Information given section start

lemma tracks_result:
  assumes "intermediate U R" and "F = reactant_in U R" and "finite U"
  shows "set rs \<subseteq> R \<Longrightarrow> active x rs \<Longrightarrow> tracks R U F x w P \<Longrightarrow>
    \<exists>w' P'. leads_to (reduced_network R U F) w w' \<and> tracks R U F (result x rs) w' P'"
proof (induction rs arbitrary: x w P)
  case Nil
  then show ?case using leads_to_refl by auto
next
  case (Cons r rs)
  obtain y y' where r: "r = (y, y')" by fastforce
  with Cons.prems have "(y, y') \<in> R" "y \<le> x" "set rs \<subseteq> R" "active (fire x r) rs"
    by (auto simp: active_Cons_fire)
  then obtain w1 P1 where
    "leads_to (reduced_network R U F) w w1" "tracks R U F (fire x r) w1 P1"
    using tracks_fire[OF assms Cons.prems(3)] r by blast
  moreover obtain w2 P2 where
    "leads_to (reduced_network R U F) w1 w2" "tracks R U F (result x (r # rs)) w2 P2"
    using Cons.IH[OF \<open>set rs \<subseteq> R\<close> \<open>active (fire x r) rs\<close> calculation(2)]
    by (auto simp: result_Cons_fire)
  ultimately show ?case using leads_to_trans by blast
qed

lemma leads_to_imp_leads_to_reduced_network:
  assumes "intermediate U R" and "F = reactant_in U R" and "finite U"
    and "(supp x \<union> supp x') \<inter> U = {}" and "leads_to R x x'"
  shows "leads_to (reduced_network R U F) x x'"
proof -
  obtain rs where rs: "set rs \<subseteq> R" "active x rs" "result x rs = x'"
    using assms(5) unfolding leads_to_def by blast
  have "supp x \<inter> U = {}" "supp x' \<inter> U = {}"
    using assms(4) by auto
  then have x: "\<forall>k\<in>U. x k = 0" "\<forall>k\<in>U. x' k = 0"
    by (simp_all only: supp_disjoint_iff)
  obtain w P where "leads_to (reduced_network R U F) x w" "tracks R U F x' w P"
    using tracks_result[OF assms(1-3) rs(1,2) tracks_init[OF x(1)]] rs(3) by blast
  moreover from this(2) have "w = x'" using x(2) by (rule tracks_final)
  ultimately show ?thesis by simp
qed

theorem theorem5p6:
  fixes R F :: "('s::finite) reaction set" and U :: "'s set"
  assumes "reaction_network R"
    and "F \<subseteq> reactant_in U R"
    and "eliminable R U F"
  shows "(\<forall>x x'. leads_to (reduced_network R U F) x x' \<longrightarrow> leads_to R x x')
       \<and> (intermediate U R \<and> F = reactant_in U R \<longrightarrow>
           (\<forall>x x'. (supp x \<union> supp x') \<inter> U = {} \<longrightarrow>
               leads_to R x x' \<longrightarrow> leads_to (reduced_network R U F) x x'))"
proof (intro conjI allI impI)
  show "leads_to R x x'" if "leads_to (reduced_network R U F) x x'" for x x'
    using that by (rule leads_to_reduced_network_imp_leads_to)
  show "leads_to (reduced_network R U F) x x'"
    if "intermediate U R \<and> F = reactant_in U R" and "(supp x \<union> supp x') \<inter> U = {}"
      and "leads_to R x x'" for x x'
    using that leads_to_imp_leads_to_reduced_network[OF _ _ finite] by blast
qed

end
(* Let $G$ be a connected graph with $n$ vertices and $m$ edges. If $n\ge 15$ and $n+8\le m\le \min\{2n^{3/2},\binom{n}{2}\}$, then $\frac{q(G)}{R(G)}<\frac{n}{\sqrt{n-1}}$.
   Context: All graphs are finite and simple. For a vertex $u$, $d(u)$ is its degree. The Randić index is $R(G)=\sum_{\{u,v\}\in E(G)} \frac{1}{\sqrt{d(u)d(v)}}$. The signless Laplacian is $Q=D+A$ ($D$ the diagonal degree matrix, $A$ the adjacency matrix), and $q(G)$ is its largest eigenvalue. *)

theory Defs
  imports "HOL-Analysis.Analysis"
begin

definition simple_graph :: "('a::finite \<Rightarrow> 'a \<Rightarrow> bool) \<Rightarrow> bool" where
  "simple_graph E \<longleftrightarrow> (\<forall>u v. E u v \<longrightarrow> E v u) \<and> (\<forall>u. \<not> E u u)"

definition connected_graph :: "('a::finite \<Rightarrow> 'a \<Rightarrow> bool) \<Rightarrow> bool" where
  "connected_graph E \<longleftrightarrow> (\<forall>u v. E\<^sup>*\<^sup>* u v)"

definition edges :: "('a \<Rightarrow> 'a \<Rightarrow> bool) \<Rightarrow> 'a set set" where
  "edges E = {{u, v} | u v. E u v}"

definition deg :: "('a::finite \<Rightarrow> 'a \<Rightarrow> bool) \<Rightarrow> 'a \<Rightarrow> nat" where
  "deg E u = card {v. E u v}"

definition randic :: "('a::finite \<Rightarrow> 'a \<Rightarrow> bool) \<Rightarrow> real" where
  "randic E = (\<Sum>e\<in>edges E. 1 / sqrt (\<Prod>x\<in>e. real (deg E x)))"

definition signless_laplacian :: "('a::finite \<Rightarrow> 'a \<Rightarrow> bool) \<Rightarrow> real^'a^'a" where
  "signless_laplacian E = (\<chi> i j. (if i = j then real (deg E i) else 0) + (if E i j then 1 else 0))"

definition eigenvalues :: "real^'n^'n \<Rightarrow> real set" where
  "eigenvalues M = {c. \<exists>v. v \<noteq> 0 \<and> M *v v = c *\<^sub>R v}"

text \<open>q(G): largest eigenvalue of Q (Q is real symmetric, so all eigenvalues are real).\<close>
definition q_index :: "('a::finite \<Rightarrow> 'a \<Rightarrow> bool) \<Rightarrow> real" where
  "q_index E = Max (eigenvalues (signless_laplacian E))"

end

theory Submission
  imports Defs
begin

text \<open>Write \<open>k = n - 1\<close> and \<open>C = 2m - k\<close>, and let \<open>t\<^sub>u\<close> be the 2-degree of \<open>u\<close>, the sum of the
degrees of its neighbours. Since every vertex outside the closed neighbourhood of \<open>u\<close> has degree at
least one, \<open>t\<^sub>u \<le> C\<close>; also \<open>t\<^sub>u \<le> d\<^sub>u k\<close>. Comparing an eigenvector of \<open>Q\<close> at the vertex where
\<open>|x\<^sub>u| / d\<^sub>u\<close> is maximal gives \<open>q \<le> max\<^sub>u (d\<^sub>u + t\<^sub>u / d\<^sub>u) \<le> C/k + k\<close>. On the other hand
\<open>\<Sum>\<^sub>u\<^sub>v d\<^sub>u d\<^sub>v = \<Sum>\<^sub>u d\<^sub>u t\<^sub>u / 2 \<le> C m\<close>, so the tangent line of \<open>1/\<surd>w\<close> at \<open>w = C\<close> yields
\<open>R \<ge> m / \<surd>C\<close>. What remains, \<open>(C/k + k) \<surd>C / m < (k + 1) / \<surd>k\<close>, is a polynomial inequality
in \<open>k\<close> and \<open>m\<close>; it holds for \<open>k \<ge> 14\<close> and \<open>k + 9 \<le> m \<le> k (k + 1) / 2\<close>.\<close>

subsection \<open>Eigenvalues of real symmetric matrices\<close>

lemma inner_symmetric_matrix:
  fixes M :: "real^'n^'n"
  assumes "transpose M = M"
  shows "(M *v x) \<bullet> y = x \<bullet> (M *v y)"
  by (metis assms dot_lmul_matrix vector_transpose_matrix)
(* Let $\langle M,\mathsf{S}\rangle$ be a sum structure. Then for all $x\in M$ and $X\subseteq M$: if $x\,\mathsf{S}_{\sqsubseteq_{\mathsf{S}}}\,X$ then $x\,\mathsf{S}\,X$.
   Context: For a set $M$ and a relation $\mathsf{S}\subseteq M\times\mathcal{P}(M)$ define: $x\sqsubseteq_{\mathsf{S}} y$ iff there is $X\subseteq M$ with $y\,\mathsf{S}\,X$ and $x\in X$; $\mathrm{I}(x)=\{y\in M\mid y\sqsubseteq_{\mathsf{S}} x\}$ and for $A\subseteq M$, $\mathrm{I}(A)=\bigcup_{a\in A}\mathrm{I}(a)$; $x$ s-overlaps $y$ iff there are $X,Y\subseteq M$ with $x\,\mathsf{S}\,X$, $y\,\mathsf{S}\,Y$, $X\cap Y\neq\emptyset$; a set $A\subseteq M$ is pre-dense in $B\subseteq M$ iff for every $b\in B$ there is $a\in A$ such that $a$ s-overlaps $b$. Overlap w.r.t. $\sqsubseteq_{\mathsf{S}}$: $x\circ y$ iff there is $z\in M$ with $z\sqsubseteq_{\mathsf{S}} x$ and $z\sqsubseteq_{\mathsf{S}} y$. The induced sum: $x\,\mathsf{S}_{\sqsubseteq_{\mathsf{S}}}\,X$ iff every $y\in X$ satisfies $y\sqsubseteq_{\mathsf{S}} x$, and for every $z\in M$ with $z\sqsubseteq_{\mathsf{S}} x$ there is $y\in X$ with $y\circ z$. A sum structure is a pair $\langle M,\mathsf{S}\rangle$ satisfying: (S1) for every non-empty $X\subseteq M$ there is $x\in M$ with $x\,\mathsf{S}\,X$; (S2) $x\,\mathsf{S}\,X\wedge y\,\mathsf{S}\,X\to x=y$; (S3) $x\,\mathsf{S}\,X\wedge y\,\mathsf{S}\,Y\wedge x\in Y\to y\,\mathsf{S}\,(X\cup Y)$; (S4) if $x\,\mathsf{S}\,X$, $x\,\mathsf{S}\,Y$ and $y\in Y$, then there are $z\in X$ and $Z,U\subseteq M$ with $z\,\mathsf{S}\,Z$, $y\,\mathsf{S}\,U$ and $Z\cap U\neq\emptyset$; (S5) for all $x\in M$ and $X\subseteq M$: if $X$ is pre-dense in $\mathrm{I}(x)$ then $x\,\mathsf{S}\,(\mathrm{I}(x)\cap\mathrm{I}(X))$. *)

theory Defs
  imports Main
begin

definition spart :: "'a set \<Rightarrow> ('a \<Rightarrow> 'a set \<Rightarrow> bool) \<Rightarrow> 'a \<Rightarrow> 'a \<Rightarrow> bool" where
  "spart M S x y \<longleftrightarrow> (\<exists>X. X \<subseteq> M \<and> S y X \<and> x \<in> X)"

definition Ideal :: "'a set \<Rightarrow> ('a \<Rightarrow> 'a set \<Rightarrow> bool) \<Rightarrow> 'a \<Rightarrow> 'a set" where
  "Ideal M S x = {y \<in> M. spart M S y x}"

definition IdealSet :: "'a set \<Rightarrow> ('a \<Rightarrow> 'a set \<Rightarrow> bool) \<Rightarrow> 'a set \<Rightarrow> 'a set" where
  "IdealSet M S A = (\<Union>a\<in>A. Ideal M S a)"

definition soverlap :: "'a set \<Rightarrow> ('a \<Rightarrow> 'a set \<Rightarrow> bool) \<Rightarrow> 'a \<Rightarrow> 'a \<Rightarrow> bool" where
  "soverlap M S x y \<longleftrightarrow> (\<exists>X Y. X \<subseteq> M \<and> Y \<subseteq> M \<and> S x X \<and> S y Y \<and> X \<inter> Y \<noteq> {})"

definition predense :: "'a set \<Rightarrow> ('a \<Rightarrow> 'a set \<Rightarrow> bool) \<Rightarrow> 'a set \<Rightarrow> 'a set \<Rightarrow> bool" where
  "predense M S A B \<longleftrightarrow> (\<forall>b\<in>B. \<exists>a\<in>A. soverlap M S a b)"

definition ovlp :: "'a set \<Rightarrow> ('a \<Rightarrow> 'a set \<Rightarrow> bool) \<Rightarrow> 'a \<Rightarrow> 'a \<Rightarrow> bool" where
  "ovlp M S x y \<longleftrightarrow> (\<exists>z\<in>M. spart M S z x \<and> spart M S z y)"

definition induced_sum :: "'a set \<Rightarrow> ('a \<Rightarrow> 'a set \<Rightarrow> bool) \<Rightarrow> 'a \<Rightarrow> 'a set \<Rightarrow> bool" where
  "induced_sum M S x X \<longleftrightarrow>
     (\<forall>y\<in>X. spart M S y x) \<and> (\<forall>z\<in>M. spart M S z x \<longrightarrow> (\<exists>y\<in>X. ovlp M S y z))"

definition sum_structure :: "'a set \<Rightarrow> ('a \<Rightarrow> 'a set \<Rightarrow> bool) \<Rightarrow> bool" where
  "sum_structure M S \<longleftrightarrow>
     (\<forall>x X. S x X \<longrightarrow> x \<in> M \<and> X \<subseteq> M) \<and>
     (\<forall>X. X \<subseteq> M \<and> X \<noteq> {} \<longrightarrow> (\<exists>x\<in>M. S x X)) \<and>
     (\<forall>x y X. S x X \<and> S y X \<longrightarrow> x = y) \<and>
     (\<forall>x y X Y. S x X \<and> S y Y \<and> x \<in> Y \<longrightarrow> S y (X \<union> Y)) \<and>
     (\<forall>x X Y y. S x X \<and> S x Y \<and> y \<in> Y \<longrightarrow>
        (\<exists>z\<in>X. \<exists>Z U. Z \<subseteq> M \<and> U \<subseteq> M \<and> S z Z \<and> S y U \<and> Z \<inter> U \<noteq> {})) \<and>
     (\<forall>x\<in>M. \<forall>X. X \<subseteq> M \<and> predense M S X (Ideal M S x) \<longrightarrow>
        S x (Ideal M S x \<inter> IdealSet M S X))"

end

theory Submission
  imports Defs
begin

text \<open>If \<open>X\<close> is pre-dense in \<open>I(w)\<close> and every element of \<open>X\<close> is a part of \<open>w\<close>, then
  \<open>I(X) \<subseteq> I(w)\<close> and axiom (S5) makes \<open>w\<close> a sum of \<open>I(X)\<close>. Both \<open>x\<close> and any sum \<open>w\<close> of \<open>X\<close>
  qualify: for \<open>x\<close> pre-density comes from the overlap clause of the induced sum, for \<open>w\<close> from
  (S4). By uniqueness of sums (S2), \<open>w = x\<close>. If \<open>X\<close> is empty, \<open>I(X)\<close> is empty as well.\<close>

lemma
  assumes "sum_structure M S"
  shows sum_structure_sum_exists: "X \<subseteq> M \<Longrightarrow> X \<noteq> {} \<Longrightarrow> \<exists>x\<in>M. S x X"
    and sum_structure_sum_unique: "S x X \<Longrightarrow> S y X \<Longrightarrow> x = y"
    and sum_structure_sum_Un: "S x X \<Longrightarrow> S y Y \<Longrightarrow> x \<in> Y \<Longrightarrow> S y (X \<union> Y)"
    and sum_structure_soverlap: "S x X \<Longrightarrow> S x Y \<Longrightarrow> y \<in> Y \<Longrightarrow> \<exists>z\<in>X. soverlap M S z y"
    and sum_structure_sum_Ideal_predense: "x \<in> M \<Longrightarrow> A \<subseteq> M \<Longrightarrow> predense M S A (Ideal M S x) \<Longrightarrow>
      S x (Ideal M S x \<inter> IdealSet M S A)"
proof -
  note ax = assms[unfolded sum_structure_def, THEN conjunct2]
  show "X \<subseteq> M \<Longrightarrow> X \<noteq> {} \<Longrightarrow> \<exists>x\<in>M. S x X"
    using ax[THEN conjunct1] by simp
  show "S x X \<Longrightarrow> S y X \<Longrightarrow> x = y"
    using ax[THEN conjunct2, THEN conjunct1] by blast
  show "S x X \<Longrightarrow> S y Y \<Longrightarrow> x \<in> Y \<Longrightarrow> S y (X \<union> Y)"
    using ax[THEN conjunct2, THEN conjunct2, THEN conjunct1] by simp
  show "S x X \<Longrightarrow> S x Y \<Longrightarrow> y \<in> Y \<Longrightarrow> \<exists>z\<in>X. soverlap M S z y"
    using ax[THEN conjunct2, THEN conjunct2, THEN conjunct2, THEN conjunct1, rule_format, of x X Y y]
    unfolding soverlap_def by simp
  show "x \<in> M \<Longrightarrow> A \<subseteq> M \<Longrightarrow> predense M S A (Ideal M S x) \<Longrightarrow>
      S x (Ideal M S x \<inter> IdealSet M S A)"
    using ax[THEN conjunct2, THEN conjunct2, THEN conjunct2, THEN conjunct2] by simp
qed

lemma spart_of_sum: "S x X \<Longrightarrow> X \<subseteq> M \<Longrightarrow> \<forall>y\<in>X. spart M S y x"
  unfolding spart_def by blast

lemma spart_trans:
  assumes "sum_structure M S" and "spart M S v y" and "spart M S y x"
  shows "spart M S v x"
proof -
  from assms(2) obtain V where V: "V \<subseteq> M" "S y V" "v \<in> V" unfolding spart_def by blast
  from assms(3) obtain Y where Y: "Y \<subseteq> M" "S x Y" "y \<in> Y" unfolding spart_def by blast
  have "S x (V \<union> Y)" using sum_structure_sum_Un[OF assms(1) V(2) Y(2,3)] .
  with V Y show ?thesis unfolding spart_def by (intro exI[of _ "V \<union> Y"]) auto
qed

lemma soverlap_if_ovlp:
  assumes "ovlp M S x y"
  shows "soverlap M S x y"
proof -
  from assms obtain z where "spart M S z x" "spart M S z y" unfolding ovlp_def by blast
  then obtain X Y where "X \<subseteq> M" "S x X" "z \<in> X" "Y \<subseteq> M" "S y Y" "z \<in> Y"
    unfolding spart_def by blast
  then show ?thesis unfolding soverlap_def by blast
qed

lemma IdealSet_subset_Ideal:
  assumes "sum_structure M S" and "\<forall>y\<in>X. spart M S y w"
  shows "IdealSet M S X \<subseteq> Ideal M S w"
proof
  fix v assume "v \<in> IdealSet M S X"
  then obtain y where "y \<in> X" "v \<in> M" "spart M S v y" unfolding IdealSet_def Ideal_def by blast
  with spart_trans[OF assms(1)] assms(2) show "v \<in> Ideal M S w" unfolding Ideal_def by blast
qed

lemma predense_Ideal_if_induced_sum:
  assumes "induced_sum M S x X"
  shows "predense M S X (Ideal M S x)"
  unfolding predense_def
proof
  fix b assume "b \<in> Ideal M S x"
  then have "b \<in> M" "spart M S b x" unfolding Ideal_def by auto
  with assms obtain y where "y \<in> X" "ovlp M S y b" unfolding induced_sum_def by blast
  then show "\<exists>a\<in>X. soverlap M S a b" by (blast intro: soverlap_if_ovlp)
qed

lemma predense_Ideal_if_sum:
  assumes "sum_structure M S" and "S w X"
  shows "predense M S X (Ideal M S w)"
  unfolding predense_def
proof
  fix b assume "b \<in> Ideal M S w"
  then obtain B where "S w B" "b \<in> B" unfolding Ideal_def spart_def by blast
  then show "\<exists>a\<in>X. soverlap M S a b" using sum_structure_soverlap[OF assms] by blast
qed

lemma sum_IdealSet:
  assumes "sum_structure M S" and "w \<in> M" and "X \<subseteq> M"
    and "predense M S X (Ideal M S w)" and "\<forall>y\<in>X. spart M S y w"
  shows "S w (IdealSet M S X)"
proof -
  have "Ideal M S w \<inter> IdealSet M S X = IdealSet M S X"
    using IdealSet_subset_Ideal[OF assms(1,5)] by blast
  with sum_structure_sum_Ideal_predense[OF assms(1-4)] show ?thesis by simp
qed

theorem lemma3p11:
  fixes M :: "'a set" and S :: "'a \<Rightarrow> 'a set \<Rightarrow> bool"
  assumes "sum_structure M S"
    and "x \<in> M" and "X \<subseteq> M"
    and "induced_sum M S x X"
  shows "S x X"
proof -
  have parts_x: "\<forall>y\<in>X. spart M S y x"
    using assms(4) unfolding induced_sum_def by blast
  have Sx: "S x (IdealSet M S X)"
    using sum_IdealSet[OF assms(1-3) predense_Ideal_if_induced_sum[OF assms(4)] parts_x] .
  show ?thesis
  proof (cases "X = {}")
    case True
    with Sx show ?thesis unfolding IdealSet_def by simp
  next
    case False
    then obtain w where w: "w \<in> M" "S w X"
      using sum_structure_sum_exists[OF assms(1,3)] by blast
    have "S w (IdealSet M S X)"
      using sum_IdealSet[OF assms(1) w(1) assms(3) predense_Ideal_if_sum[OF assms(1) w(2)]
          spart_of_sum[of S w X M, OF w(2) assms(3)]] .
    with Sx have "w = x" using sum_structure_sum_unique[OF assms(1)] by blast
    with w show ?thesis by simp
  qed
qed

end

Information given section end

Work instructions => The first line of the entries above marks where to begin; repeat each line exactly through the one that contains "using assms(5) unfolding", and include that line.

Answer =>
lemma tracks_result:
  assumes "intermediate U R" and "F = reactant_in U R" and "finite U"
  shows "set rs \<subseteq> R \<Longrightarrow> active x rs \<Longrightarrow> tracks R U F x w P \<Longrightarrow>
    \<exists>w' P'. leads_to (reduced_network R U F) w w' \<and> tracks R U F (result x rs) w' P'"
proof (induction rs arbitrary: x w P)
  case Nil
  then show ?case using leads_to_refl by auto
next
  case (Cons r rs)
  obtain y y' where r: "r = (y, y')" by fastforce
  with Cons.prems have "(y, y') \<in> R" "y \<le> x" "set rs \<subseteq> R" "active (fire x r) rs"
    by (auto simp: active_Cons_fire)
  then obtain w1 P1 where
    "leads_to (reduced_network R U F) w w1" "tracks R U F (fire x r) w1 P1"
    using tracks_fire[OF assms Cons.prems(3)] r by blast
  moreover obtain w2 P2 where
    "leads_to (reduced_network R U F) w1 w2" "tracks R U F (result x (r # rs)) w2 P2"
    using Cons.IH[OF \<open>set rs \<subseteq> R\<close> \<open>active (fire x r) rs\<close> calculation(2)]
    by (auto simp: result_Cons_fire)
  ultimately show ?case using leads_to_trans by blast
qed

lemma leads_to_imp_leads_to_reduced_network:
  assumes "intermediate U R" and "F = reactant_in U R" and "finite U"
    and "(supp x \<union> supp x') \<inter> U = {}" and "leads_to R x x'"
  shows "leads_to (reduced_network R U F) x x'"
proof -
  obtain rs where rs: "set rs \<subseteq> R" "active x rs" "result x rs = x'"
    using assms(5) unfolding leads_to_def by blast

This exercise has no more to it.